TASK TO CARRY OUT –
Show every line of the data below that includes the word "blast".

━━ SOURCE MATERIAL

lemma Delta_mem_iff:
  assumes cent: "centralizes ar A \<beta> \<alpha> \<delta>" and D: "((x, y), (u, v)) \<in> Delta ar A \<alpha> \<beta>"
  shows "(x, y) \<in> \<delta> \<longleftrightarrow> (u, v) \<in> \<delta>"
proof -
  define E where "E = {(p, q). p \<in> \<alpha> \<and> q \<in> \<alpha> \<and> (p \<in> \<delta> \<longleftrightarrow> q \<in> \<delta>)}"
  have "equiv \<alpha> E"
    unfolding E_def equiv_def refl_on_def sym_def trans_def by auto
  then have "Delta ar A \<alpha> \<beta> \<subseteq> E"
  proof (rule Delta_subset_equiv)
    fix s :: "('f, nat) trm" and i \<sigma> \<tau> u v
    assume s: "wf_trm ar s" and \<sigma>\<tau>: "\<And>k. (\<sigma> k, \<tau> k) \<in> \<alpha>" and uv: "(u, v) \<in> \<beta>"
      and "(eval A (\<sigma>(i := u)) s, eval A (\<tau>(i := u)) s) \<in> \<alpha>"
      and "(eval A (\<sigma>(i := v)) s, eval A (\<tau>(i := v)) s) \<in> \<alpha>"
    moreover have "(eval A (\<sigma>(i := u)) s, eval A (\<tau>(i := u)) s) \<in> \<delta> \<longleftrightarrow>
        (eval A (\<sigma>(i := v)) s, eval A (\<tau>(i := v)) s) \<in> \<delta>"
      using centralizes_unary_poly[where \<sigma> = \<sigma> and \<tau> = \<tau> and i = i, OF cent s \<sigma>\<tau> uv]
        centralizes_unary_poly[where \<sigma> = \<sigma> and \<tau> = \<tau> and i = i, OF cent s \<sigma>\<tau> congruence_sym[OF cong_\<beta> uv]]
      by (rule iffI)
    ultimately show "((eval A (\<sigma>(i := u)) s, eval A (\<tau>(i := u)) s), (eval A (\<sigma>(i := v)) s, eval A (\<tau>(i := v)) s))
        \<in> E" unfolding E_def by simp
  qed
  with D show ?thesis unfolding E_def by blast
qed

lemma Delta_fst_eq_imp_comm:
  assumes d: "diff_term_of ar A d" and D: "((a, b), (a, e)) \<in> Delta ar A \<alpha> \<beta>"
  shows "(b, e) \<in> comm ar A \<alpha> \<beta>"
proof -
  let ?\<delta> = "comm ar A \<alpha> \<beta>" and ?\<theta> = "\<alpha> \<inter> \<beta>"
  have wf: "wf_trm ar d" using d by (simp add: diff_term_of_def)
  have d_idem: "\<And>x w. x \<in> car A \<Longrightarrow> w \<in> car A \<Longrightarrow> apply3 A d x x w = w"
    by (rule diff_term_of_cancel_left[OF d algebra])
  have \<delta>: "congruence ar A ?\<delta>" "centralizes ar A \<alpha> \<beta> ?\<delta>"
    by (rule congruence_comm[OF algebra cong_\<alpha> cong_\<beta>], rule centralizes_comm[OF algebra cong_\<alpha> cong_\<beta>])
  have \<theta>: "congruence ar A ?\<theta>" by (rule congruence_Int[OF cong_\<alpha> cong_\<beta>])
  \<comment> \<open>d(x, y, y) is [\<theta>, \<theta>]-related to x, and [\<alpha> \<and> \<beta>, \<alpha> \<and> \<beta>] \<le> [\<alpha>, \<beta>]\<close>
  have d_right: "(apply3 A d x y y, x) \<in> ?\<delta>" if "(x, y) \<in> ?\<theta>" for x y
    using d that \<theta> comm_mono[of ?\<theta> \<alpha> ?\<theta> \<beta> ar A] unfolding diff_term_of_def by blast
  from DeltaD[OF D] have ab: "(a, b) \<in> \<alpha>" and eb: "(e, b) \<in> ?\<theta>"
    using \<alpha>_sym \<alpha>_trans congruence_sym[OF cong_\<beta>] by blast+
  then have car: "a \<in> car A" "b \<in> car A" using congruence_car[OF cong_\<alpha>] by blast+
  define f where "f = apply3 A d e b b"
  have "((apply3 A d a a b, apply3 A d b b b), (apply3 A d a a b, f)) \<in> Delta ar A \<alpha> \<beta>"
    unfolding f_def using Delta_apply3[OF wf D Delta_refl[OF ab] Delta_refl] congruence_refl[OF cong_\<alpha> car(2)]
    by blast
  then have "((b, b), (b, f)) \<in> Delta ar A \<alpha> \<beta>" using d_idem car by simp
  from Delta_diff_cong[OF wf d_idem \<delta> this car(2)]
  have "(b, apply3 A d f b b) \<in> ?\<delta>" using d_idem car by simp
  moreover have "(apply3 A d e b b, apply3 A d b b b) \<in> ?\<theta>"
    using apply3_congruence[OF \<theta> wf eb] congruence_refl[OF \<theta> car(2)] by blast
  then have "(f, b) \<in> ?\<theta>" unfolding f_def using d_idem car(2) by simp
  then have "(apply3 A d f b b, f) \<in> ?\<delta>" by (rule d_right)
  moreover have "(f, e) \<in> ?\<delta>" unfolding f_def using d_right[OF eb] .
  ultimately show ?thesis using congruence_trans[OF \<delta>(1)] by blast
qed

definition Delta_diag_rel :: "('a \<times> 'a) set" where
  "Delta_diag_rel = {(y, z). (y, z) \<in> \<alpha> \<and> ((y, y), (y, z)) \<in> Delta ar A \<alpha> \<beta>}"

━━━━
━━ SOURCE MATERIAL

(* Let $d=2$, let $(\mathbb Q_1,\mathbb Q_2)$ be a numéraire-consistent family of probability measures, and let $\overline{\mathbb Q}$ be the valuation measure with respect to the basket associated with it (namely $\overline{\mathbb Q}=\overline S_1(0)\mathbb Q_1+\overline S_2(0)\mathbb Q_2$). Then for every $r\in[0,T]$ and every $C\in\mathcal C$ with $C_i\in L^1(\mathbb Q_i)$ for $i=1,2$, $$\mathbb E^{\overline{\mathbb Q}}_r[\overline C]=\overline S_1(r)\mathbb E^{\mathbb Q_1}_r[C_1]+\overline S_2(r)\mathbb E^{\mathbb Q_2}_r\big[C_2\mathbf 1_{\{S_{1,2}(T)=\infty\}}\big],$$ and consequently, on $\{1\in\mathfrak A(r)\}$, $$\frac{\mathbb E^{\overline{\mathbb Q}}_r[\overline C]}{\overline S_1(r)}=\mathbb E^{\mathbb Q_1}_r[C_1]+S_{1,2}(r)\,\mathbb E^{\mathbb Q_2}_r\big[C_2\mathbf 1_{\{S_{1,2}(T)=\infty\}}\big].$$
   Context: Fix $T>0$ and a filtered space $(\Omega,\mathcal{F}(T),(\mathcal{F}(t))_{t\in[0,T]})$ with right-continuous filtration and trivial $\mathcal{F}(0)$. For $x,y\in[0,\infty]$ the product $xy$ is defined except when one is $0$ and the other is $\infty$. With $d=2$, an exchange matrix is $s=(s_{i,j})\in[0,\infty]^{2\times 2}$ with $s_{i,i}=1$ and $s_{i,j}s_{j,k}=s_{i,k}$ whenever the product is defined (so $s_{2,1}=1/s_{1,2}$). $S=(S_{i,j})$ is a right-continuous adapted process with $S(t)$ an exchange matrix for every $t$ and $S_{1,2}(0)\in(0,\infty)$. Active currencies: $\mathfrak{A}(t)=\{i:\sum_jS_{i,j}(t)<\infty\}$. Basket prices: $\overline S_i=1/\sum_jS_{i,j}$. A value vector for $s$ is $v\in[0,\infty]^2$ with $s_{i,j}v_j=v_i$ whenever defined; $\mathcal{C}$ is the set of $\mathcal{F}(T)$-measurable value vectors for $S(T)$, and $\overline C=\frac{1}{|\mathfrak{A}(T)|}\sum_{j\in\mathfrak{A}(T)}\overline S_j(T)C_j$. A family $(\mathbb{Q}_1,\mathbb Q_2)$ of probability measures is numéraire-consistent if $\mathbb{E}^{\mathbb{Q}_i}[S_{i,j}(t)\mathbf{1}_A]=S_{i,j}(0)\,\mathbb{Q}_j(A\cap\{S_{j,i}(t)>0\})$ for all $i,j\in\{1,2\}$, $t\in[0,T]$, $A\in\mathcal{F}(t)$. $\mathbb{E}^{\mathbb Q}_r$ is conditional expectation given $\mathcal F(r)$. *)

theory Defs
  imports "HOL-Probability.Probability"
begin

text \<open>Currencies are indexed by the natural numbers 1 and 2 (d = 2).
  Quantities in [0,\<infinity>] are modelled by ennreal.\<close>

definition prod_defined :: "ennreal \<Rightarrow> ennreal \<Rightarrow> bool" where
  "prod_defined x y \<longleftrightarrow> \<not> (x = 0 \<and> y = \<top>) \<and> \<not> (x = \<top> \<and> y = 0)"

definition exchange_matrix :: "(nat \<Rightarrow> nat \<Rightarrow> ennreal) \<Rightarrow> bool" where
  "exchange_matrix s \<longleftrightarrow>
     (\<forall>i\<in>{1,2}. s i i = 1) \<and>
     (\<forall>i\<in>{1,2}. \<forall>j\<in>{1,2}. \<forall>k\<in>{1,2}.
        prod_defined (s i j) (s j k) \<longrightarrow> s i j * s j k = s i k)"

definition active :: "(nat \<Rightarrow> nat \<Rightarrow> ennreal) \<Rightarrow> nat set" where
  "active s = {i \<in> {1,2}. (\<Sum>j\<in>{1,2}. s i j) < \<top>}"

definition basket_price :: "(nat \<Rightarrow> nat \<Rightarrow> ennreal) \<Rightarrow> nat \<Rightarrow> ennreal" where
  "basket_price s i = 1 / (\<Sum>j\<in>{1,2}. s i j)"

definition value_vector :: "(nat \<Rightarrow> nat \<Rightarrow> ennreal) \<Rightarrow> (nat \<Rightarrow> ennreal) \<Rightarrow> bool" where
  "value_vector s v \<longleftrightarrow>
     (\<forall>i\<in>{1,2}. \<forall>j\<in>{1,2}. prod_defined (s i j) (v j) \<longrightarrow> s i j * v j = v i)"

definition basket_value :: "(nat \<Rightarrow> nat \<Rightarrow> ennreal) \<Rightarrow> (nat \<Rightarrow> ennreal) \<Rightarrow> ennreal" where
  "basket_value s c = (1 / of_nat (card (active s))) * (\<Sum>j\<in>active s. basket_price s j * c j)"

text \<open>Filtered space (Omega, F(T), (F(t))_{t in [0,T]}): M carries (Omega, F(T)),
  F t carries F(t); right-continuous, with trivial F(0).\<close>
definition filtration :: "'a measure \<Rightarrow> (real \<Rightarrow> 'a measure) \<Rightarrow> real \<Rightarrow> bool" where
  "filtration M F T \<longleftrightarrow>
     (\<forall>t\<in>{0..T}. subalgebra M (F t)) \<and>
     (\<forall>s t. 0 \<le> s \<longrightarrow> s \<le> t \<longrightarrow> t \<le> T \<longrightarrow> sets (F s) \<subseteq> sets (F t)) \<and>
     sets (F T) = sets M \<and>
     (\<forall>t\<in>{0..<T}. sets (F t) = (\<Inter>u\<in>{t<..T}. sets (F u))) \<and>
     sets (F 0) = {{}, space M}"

━━━━
━━ SOURCE MATERIAL

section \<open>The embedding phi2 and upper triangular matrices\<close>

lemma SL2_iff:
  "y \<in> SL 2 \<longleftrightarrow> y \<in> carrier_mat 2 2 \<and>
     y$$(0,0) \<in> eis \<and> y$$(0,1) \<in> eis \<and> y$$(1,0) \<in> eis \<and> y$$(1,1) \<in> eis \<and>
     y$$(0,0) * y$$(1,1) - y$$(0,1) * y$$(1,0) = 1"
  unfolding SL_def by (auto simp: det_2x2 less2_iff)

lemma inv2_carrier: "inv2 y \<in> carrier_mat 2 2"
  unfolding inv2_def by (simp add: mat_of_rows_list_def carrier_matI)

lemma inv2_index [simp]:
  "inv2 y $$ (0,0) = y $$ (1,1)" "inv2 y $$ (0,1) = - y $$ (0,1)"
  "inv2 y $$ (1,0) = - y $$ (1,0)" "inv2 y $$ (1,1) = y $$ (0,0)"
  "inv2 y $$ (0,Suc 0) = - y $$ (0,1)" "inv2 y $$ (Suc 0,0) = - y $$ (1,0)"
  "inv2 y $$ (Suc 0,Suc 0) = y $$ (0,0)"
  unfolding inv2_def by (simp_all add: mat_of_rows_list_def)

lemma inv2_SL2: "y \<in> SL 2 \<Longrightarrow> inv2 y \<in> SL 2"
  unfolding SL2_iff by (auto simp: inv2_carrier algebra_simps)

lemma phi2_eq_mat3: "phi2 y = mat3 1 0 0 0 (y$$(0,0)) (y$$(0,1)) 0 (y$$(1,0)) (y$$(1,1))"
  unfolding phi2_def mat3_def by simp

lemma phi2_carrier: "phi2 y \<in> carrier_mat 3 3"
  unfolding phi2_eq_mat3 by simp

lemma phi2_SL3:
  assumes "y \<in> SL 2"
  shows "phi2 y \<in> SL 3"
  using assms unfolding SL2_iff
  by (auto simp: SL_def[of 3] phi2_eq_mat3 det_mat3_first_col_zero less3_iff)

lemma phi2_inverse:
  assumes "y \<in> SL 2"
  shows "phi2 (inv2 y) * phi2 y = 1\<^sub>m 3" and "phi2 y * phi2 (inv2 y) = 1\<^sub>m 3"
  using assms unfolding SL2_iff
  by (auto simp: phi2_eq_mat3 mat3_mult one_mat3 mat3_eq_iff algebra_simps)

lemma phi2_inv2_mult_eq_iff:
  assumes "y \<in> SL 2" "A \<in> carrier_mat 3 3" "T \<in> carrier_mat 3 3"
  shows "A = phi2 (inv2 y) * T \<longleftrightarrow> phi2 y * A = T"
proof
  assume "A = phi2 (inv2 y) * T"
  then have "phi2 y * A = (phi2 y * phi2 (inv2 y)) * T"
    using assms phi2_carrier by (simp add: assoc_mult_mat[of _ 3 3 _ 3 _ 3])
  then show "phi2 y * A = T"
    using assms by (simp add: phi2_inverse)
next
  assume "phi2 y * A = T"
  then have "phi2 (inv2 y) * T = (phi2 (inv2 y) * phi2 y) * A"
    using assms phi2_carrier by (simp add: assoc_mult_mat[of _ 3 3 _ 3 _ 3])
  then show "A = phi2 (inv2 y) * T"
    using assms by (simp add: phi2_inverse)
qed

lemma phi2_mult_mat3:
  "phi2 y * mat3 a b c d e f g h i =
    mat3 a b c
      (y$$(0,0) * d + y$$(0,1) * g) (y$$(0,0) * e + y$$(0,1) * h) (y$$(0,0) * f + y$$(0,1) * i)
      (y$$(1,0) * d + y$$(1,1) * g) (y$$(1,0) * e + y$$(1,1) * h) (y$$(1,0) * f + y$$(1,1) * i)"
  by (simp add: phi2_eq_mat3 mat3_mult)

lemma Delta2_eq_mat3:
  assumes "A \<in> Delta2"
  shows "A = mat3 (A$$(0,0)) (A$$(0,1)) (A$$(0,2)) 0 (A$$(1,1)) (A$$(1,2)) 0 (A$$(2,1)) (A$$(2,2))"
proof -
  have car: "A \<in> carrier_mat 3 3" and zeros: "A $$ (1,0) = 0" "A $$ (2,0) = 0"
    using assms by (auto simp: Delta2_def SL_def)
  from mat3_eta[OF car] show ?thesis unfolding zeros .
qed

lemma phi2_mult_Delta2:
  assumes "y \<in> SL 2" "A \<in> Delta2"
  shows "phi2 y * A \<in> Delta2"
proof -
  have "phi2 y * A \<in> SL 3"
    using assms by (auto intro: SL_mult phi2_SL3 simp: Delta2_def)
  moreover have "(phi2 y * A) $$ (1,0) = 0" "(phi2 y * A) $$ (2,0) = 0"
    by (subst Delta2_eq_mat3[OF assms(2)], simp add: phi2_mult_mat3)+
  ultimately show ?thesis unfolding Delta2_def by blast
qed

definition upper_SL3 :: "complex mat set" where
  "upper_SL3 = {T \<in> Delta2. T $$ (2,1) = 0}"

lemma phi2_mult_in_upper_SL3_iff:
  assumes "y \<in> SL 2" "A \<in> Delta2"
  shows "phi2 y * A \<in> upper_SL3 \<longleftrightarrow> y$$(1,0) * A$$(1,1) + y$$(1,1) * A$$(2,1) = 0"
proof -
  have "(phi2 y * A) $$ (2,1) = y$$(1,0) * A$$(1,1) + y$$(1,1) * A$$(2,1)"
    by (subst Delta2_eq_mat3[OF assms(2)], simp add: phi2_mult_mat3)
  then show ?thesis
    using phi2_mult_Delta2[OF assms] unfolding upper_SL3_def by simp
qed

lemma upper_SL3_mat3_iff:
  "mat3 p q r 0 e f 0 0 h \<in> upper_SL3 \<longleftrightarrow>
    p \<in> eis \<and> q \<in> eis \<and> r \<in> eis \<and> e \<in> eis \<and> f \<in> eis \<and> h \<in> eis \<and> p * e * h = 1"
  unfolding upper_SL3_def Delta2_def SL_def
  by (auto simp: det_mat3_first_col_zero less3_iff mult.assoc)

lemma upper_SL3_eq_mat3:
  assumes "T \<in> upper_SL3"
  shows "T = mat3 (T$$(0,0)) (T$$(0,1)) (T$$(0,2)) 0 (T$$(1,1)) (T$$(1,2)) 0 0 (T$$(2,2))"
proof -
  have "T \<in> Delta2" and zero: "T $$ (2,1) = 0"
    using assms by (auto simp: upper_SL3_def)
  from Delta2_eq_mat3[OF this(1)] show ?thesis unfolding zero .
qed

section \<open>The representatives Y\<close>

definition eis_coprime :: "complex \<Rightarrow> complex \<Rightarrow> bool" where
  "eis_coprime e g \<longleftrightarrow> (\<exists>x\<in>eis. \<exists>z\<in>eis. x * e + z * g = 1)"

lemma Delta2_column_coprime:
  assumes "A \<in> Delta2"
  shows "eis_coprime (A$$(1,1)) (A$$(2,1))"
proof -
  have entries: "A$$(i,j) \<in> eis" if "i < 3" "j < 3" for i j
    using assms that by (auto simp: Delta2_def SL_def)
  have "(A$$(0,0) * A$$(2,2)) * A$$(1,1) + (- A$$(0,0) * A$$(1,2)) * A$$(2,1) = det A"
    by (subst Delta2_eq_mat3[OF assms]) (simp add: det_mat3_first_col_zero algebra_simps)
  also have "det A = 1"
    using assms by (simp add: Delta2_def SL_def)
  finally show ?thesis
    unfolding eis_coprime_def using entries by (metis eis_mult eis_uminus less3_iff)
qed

━━━━

TASK RESPONSE –
  with D show ?thesis unfolding E_def by blast
    using d that \<theta> comm_mono[of ?\<theta> \<alpha> ?\<theta> \<beta> ar A] unfolding diff_term_of_def by blast
    using \<alpha>_sym \<alpha>_trans congruence_sym[OF cong_\<beta>] by blast+
  then have car: "a \<in> car A" "b \<in> car A" using congruence_car[OF cong_\<alpha>] by blast+
    by blast
    using apply3_congruence[OF \<theta> wf eb] congruence_refl[OF \<theta> car(2)] by blast
  ultimately show ?thesis using congruence_trans[OF \<delta>(1)] by blast
  ultimately show ?thesis unfolding Delta2_def by blast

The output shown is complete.